### ABOUT THIS EXERCISE
Up to and including the line with "obtain k w2", return every line from the start of the entries below exactly.

### DATA TO EXAMINE
lemma co_chain_witness_chord:
  assumes G: "graph V E" and T: "co_chain_witness V E T" and T': "co_chain_witness V E T'"
    and "T \<inter> T' = {}" and "p \<notin> T" "w1 \<in> T"
    and "(p, w1) \<in> E" "(w1, w2) \<in> E" "(w2, w3) \<in> E"
  shows "p \<in> closed_nbhd E w2 \<or> w3 \<in> closed_nbhd E w1"
proof (cases "w3 \<in> T")
  case True
  have "w1 \<in> closed_nbhd E w2" "w3 \<in> closed_nbhd E w2"
    using assms(8,9) graphD(5)[OF G] by (auto simp: closed_nbhd_iff)
  moreover have "w1 \<notin> T'" "w3 \<notin> T'"
    using True \<open>w1 \<in> T\<close> \<open>T \<inter> T' = {}\<close> by blast+
  ultimately show ?thesis
    using co_chain_witness_clique[OF T' graphD(6)[OF G assms(9)]] by blast
next
  case False
  then show ?thesis
    using co_chain_witness_no_P4[OF T assms(8,7,9) \<open>p \<notin> T\<close>] by blast
qed

text \<open>A shortest path between two vertices outside \<open>T\<close> cannot enter \<open>T\<close>.\<close>
lemma shorter_path_avoiding_witness:
  assumes G: "graph V E" and T: "co_chain_witness V E T" and T': "co_chain_witness V E T'"
    and "T \<inter> T' = {}" and "p \<notin> T" "q \<notin> T"
    and "(p, w1) \<in> E" "w1 \<in> T" "(w1, q) \<in> E ^^ n"
  shows "\<exists>m < Suc n. (p, q) \<in> E ^^ m"
proof -
  obtain k w2 where n: "n = Suc k" and w2: "(w1, w2) \<in> E" "(w2, q) \<in> E ^^ k"
    using relpow_Suc_first[OF assms(9)] assms(6,8) by blast
  have "w2 \<in> closed_nbhd E p \<or> (\<exists>l w3. k = Suc l \<and> w3 \<in> closed_nbhd E w1 \<and> (w3, q) \<in> E ^^ l)"
  proof (cases "w2 \<in> T")
    case False
    have "p \<in> closed_nbhd E w1" "w2 \<in> closed_nbhd E w1"
      using assms(7) w2(1) graphD(5)[OF G] by (auto simp: closed_nbhd_iff)
    then show ?thesis
      using co_chain_witness_clique[OF T graphD(6)[OF G w2(1)]] False assms(5) by blast
  next
    case True
    then obtain l w3 where w3: "k = Suc l" "(w2, w3) \<in> E" "(w3, q) \<in> E ^^ l"
      using relpow_Suc_first[OF w2(2)] assms(6) by blast
    have "p \<in> closed_nbhd E w2 \<or> w3 \<in> closed_nbhd E w1"
      using co_chain_witness_chord[OF G T T' assms(4,5,8,7) w2(1) w3(2)] .
    then show ?thesis
      using w3 closed_nbhd_sym[OF G, of p w2] by blast
  qed
  then show ?thesis
  proof
    assume "w2 \<in> closed_nbhd E p"
    then obtain m where "m \<le> Suc k" "(p, q) \<in> E ^^ m"
      using relpow_prepend_closed_nbhd[OF _ w2(2)] by blast
    then show ?thesis
      using n by (intro exI[of _ m]) auto
  next
    assume "\<exists>l w3. k = Suc l \<and> w3 \<in> closed_nbhd E w1 \<and> (w3, q) \<in> E ^^ l"
    then obtain l w3 where "k = Suc l" "w3 \<in> closed_nbhd E w1" "(w3, q) \<in> E ^^ l"
      by blast
    then obtain m where "m \<le> k" "(w1, q) \<in> E ^^ m"
      using relpow_prepend_closed_nbhd[of w3 E w1 q l] by auto
    moreover have "(p, q) \<in> E ^^ Suc m"
      using assms(7) calculation(2) by (rule relpow_Suc_I2)
    ultimately show ?thesis
      using n by (intro exI[of _ "Suc m"]) auto
  qed
qed
lemma dyadic_floor_increment_le:
  fixes f :: "real \<Rightarrow> 'b::real_normed_vector"
  assumes hyp: "\<forall>n\<ge>N. \<forall>j<2^n. norm (f (real (j+1) / 2^n) - f (real j / 2^n)) \<le> r^n"
    and C: "continuous_on {0..1} f" and r: "0 \<le> r" "r < 1"
    and x: "0 \<le> x" "x \<le> 1" and m: "N \<le> m"
  shows "norm (f x - f (dyadic_floor m x)) \<le> r^m / (1 - r)"
proof -
  have partial: "norm (f (dyadic_floor (m + p) x) - f (dyadic_floor m x)) \<le> r^Suc m * (1 - r^p) / (1 - r)" for p
  proof (induction p)
    case (Suc p)
    have "norm (f (dyadic_floor (Suc (m + p)) x) - f (dyadic_floor m x))
        \<le> r^Suc (m + p) + r^Suc m * (1 - r^p) / (1 - r)"
      using dyadic_floor_Suc_increment_le[OF hyp r(1) x, of "m + p"] m Suc.IH
      by (intro norm_diff_triangle_le) auto
    also have "\<dots> = r^Suc m * (1 - r^Suc p) / (1 - r)"
      using r by (simp add: field_simps power_add)
    finally show ?case
      by simp
  qed simp
  have "r^Suc m * (1 - r^p) / (1 - r) \<le> r^m / (1 - r)" for p
  proof -
    have "r^Suc m * (1 - r^p) \<le> r^m * 1"
      using r by (intro mult_mono power_decreasing) (auto simp: power_le_one)
    then show ?thesis
      using r by (intro divide_right_mono) auto
  qed
  then have "eventually (\<lambda>p. norm (f (dyadic_floor p x) - f (dyadic_floor m x)) \<le> r^m / (1 - r)) sequentially"
    using partial by (intro eventually_sequentiallyI[of m]) (metis le_add_diff_inverse order_trans)
  moreover have "dyadic_floor p x \<in> {0..1}" for p
    using dyadic_floor_bounds(1,2)[OF x(1), of p] x(2) by simp
  then have "(\<lambda>p. f (dyadic_floor p x)) \<longlonglongrightarrow> f x"
    using x by (intro continuous_on_tendsto_compose[OF C dyadic_floor_tendsto[OF x(1)]] always_eventually) auto
  ultimately show ?thesis
    by (intro tendsto_upperbound[OF tendsto_norm[OF tendsto_diff[OF _ tendsto_const]]]) auto
qed

lemma dyadic_floor_adjacent_increment_le:
  fixes f :: "real \<Rightarrow> 'b::real_normed_vector"
  assumes hyp: "\<forall>n\<ge>N. \<forall>j<2^n. norm (f (real (j+1) / 2^n) - f (real j / 2^n)) \<le> r^n"
    and r: "0 \<le> r" and xy: "0 \<le> y" "y \<le> x" "x \<le> 1" "x - y \<le> 1 / 2^m" and m: "N \<le> m"
  shows "norm (f (dyadic_floor m x) - f (dyadic_floor m y)) \<le> r^m"
  using dyadic_floor_adjacent[OF xy(1,2,4)]
proof
  assume "\<exists>j::nat. dyadic_floor m y = real j / 2^m \<and> dyadic_floor m x = real (j+1) / 2^m"
  then obtain j :: nat where j: "dyadic_floor m y = real j / 2^m" "dyadic_floor m x = real (j+1) / 2^m"
    by blast
  have "j < 2^m"
    using j(2) dyadic_floor_bounds(2)[of x m] xy by (intro nat_less_pow2_if_dyadic_le_1) linarith
  then show ?thesis
    unfolding j by (intro hyp[rule_format]) (use m in auto)
qed (use r in simp)

lemma increment_le_if_dyadic_increments:
  fixes f :: "real \<Rightarrow> 'b::real_normed_vector"
  assumes hyp: "\<forall>n\<ge>N. \<forall>j<2^n. norm (f (real (j+1) / 2^n) - f (real j / 2^n)) \<le> r^n"
    and C: "continuous_on {0..1} f" and r: "0 \<le> r" "r < 1"
    and xy: "0 \<le> y" "y \<le> x" "x \<le> 1" "x - y \<le> 1 / 2^m" and m: "N \<le> m"
  shows "norm (f x - f y) \<le> r^m * (1 + 2 / (1 - r))"
proof -
  have "norm (f x - f y)
      \<le> norm (f x - f (dyadic_floor m x)) + norm (f (dyadic_floor m x) - f (dyadic_floor m y))
         + norm (f y - f (dyadic_floor m y))"
    by (metis norm_diff_triangle_le norm_minus_commute order_refl)
  also have "\<dots> \<le> r^m / (1 - r) + r^m + r^m / (1 - r)"
    using dyadic_floor_increment_le[OF hyp C r, of x m] dyadic_floor_increment_le[OF hyp C r, of y m]
      dyadic_floor_adjacent_increment_le[OF hyp r(1) xy m] xy m
    by (intro add_mono) auto
  also have "\<dots> = r^m * (1 + 2 / (1 - r))"
    by (simp add: distrib_left)
  finally show ?thesis .
qed

lemma power_powr_swap:
  fixes x :: real
  assumes "0 < x"
  shows "(x powr \<beta>) ^ m = (x ^ m) powr \<beta>"
  using assms by (simp add: powr_power powr_powr powr_realpow[symmetric] mult.commute)

lemma half_power_bracket:
  fixes d :: real
  assumes "0 < d" "d \<le> (1/2)^N"
  obtains m where "N \<le> m" "(1/2)^Suc m < d" "d \<le> (1/2)^m"
proof -
  have "\<exists>n. (1/2::real)^n < d"
    using real_arch_pow_inv[OF assms(1), of "1/2"] by simp
  moreover have "(1/2::real)^N \<le> 1"
    by (rule power_le_one) auto
  then have "\<not> (1/2::real)^0 < d"
    using assms by simp
  ultimately obtain m where m: "\<not> (1/2::real)^m < d" "(1/2::real)^Suc m < d"
    using exists_least_lemma[of "\<lambda>n. (1/2::real)^n < d"] by blast
  have "N \<le> m"
  proof (rule ccontr)
    assume "\<not> N \<le> m"
    then have "(1/2::real)^N \<le> (1/2)^Suc m"
      by (intro power_decreasing) auto
    then show False
      using m(2) assms(2) by simp
  qed
  then show ?thesis
    using that m by simp
qed

lemma holder_on_if_dyadic_increments:
  fixes f :: "real \<Rightarrow> 'b::real_normed_vector"
  assumes C: "continuous_on {0..1} f" and \<beta>: "0 < \<beta>"
    and hyp: "\<forall>n\<ge>N. \<forall>j<2^n. norm (f (real (j+1) / 2^n) - f (real j / 2^n)) \<le> ((1/2) powr \<beta>)^n"
  shows "\<exists>K. holder_on {0..1} \<beta> K f"
proof -
  define r where "r = (1/2::real) powr \<beta>"
  have r: "0 \<le> r" "r < 1"
    using powr_less_mono2[OF \<beta>, of "1/2" 1] by (auto simp: r_def)
  obtain M where M: "\<And>x. x \<in> {0..1} \<Longrightarrow> norm (f x) \<le> M"
    using compact_imp_bounded[OF compact_continuous_image[OF C compact_Icc]]
    unfolding bounded_iff by force
  define c where "c = ((1/2::real)^N) powr \<beta>"
  have c: "c > 0"
    by (simp add: c_def)
  define K where "K = (1 + 2 / (1 - r)) * 2 powr \<beta> + 2 * M / c"
  have "0 \<le> M"
    using M[of 0] by (auto intro: order_trans[OF norm_ge_zero])
  then have K1: "0 \<le> (1 + 2 / (1 - r)) * 2 powr \<beta>" and K2: "0 \<le> 2 * M / c"
    using r c by auto
  show ?thesis
  proof (intro exI holder_onI)
    fix y x :: real assume y: "y \<in> {0..1}" and x: "x \<in> {0..1}" and yx: "y \<le> x"
    consider "x = y" | "0 < x - y" "x - y \<le> (1/2)^N" | "(1/2)^N < x - y"
      using yx by fastforce
    then show "norm (f x - f y) \<le> K * (x - y) powr \<beta>"
    proof cases
      case 2
      then obtain m where m: "N \<le> m" "(1/2)^Suc m < x - y" "x - y \<le> (1/2)^m"
        by (rule half_power_bracket)
      have "r^m = ((1/2::real)^m) powr \<beta>"
        unfolding r_def by (simp add: power_powr_swap)
      also have "\<dots> \<le> (2 * (x - y)) powr \<beta>"
        using m(2) \<beta> by (intro powr_mono2) auto
      also have "\<dots> = 2 powr \<beta> * (x - y) powr \<beta>"
        using 2 by (subst powr_mult) auto
      finally have rm: "r^m \<le> 2 powr \<beta> * (x - y) powr \<beta>" .
      have "norm (f x - f y) \<le> r^m * (1 + 2 / (1 - r))"
        by (rule increment_le_if_dyadic_increments[OF hyp[folded r_def] C r])
          (use x y yx m in \<open>auto simp: power_one_over\<close>)
      also have "\<dots> \<le> 2 powr \<beta> * (x - y) powr \<beta> * (1 + 2 / (1 - r))"
        using rm r by (intro mult_right_mono) auto
      also have "\<dots> = (1 + 2 / (1 - r)) * 2 powr \<beta> * (x - y) powr \<beta>"
        by (simp only: mult_ac)
      also have "\<dots> \<le> K * (x - y) powr \<beta>"
        unfolding K_def using K2 by (intro mult_right_mono) auto
      finally show ?thesis .
    next
      case 3
      have "norm (f x - f y) \<le> 2 * M"
        using M[OF x] M[OF y] norm_triangle_ineq4[of "f x" "f y"] by simp
      also have "\<dots> = 2 * M / c * c"
        using c by simp
      also have "\<dots> \<le> 2 * M / c * (x - y) powr \<beta>"
        using mult_left_mono[OF _ K2, of c "(x - y) powr \<beta>"] 3 \<beta> by (simp add: c_def powr_mono2)
      also have "\<dots> \<le> K * (x - y) powr \<beta>"
        unfolding K_def using K1 by (intro mult_right_mono) auto
      finally show ?thesis .
    qed simp
  qed
qed

section \<open>Holder continuity of fractional Brownian motion\<close>

lemma normal_tail_le_even_moment:
  assumes P: "prob_space M" and D: "distributed M lborel X (\<lambda>x. ennreal (normal_density 0 \<sigma> x))"
    and \<delta>: "\<delta> > 0" and \<sigma>: "\<sigma> > 0"
  shows "measure M {\<omega>\<in>space M. \<delta> \<le> \<bar>X \<omega>\<bar>} \<le> fact (2*k) / (2^k * fact k) * \<sigma>^(2*k) / \<delta>^(2*k)"
proof -
  interpret prob_space M
    by (rule P)
  define A where "A = {x::real. \<delta> \<le> \<bar>x\<bar>}"
  define C where "C = fact (2*k) / (2^k * fact k) * \<sigma>^(2*k) / \<delta>^(2*k)"
  have "integrable lborel (\<lambda>x. normal_density 0 \<sigma> x * (x - 0)^(2*k))"
    using \<sigma> by (rule integrable_normal_moment)
  then have int: "integrable lborel (\<lambda>x. normal_density 0 \<sigma> x * x^(2*k) / \<delta>^(2*k))"
    by simp
  have "(\<integral>x. normal_density 0 \<sigma> x * x^(2*k) / \<delta>^(2*k) \<partial>lborel)
      = (\<integral>x. normal_density 0 \<sigma> x * (x - 0)^(2*k) \<partial>lborel) / \<delta>^(2*k)"
    by simp
  also have "\<dots> = fact (2*k) / ((2 / \<sigma>\<^sup>2)^k * fact k) / \<delta>^(2*k)"
    using \<sigma> by (simp only: integral_normal_moment_even)
  also have "\<dots> = C"
    using \<sigma> unfolding C_def power_mult by (simp add: power_divide)
  finally have ival: "(\<integral>x. normal_density 0 \<sigma> x * x^(2*k) / \<delta>^(2*k) \<partial>lborel) = C" .
  have "A \<in> sets borel"
    unfolding A_def by measurable
  moreover have "{\<omega>\<in>space M. \<delta> \<le> \<bar>X \<omega>\<bar>} = X -` A \<inter> space M"
    unfolding A_def by auto
  ultimately have "emeasure M {\<omega>\<in>space M. \<delta> \<le> \<bar>X \<omega>\<bar>}
      = (\<integral>\<^sup>+x. ennreal (normal_density 0 \<sigma> x) * indicator A x \<partial>lborel)"
    using distributed_emeasure[OF D] by simp
  also have "\<dots> \<le> (\<integral>\<^sup>+x. ennreal (normal_density 0 \<sigma> x * x^(2*k) / \<delta>^(2*k)) \<partial>lborel)"
  proof (intro nn_integral_mono)
    fix x :: real
    show "ennreal (normal_density 0 \<sigma> x) * indicator A x \<le> ennreal (normal_density 0 \<sigma> x * x^(2*k) / \<delta>^(2*k))"
    proof (cases "x \<in> A")
      case True
      then have "\<delta>^(2*k) \<le> x^(2*k)"
        using \<delta> power_mono[of \<delta> "\<bar>x\<bar>" "2*k"] unfolding A_def by (simp add: power_even_abs)
      then have "normal_density 0 \<sigma> x * 1 \<le> normal_density 0 \<sigma> x * (x^(2*k) / \<delta>^(2*k))"
        using \<delta> by (intro mult_left_mono) auto
      then show ?thesis
        using True by (simp add: ennreal_leI)
    qed simp
  qed
  also have "\<dots> = ennreal C"
    using int ival by (subst nn_integral_eq_integral) auto
  finally show ?thesis
    unfolding C_def[symmetric] using \<delta> \<sigma> by (simp add: emeasure_eq_measure C_def)
qed
lemma prob_S_pair_combination_nonneg_le:
  fixes \<alpha> \<beta> t :: real
  assumes el: "election V C P" and c: "c \<in> C" "c' \<in> C" "c \<noteq> c'"
    and l: "2 \<le> l" "l \<le> card C" and t: "0 \<le> t"
  shows "measure_pmf.prob (sample_subsets V C l)
           {\<sigma>. 0 \<le> \<alpha> * real (S_pair V P \<sigma> c c') + \<beta> * real (S_pair V P \<sigma> c' c)}
         \<le> exp (real l * (real l - 1) / (real (card C) * (real (card C) - 1)) *
              (real (sc_pair V P c c') * (exp (t * \<alpha>) - 1)
               + real (sc_pair V P c' c) * (exp (t * \<beta>) - 1)))"
proof -
  have finV: "finite V" and finC: "finite C" using el by (auto simp: election_def)
  define SS where "SS = {S. S \<subseteq> C \<and> card S = l}"
  define B where "B = {S. c \<in> S \<and> c' \<in> S}"
  define w where "w v = (if (c, c') \<in> P v then \<alpha> else \<beta>)" for v
  have count: "real (card {v \<in> V. Q v}) = (\<Sum>v\<in>V. if Q v then 1 else 0)" for Q
    using finV by (simp add: sum.If_cases Int_def)
  have by_pref: "(\<Sum>v\<in>V. if (c, c') \<in> P v then f v else g v)
                 = (\<Sum>v\<in>V. (if (c, c') \<in> P v then f v else 0) + (if (c', c) \<in> P v then g v else 0))"
    for f g :: "_ \<Rightarrow> real"
    by (intro sum.cong refl) (auto simp: election_pref_swap[OF el _ c])
  have combination: "\<alpha> * real (S_pair V P \<sigma> c c') + \<beta> * real (S_pair V P \<sigma> c' c)
                      = (\<Sum>v\<in>V. if \<sigma> v \<in> B then w v else 0)" for \<sigma>
  proof -
    have "(\<Sum>v\<in>V. if \<sigma> v \<in> B then w v else 0)
            = (\<Sum>v\<in>V. if (c, c') \<in> P v then (if \<sigma> v \<in> B then \<alpha> else 0) else (if \<sigma> v \<in> B then \<beta> else 0))"
      by (intro sum.cong refl) (simp add: w_def)
    then show ?thesis
      unfolding by_pref S_pair_def count sum_distrib_left sum.distrib[symmetric]
      by (auto intro!: sum.cong simp: B_def)
  qed
  have weights: "(\<Sum>v\<in>V. exp (t * w v) - 1)
                   = real (sc_pair V P c c') * (exp (t * \<alpha>) - 1) + real (sc_pair V P c' c) * (exp (t * \<beta>) - 1)"
  proof -
    have "(\<Sum>v\<in>V. exp (t * w v) - 1)
            = (\<Sum>v\<in>V. if (c, c') \<in> P v then exp (t * \<alpha>) - 1 else exp (t * \<beta>) - 1)"
      by (intro sum.cong refl) (simp add: w_def)
    then show ?thesis
      unfolding by_pref sc_pair_def count sum_distrib_right sum.distrib[symmetric]
      by (auto intro!: sum.cong)
  qed
  have "finite SS" unfolding SS_def using finC by (auto intro: finite_subset[of _ "Pow C"])
  moreover have "SS \<noteq> {}" using obtain_subset_with_card_n[OF l(2)] by (auto simp: SS_def)
  ultimately have "measure_pmf.prob (Pi_pmf V {} (\<lambda>_. pmf_of_set SS))
                     {\<sigma>. 0 \<le> (\<Sum>v\<in>V. if \<sigma> v \<in> B then w v else 0)}
                   \<le> exp (measure_pmf.prob (pmf_of_set SS) B * (\<Sum>v\<in>V. exp (t * w v) - 1))"
    by (intro prob_Pi_pmf_sum_nonneg_le finV t) simp
  then show ?thesis
    unfolding sample_subsets_def combination weights B_def SS_def
    using prob_pair_in_random_subset[OF finC c l] by simp
qed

### ANSWER BOX
lemma co_chain_witness_chord:
  assumes G: "graph V E" and T: "co_chain_witness V E T" and T': "co_chain_witness V E T'"
    and "T \<inter> T' = {}" and "p \<notin> T" "w1 \<in> T"
    and "(p, w1) \<in> E" "(w1, w2) \<in> E" "(w2, w3) \<in> E"
  shows "p \<in> closed_nbhd E w2 \<or> w3 \<in> closed_nbhd E w1"
proof (cases "w3 \<in> T")
  case True
  have "w1 \<in> closed_nbhd E w2" "w3 \<in> closed_nbhd E w2"
    using assms(8,9) graphD(5)[OF G] by (auto simp: closed_nbhd_iff)
  moreover have "w1 \<notin> T'" "w3 \<notin> T'"
    using True \<open>w1 \<in> T\<close> \<open>T \<inter> T' = {}\<close> by blast+
  ultimately show ?thesis
    using co_chain_witness_clique[OF T' graphD(6)[OF G assms(9)]] by blast
next
  case False
  then show ?thesis
    using co_chain_witness_no_P4[OF T assms(8,7,9) \<open>p \<notin> T\<close>] by blast
qed

text \<open>A shortest path between two vertices outside \<open>T\<close> cannot enter \<open>T\<close>.\<close>
lemma shorter_path_avoiding_witness:
  assumes G: "graph V E" and T: "co_chain_witness V E T" and T': "co_chain_witness V E T'"
    and "T \<inter> T' = {}" and "p \<notin> T" "q \<notin> T"
    and "(p, w1) \<in> E" "w1 \<in> T" "(w1, q) \<in> E ^^ n"
  shows "\<exists>m < Suc n. (p, q) \<in> E ^^ m"
proof -
  obtain k w2 where n: "n = Suc k" and w2: "(w1, w2) \<in> E" "(w2, q) \<in> E ^^ k"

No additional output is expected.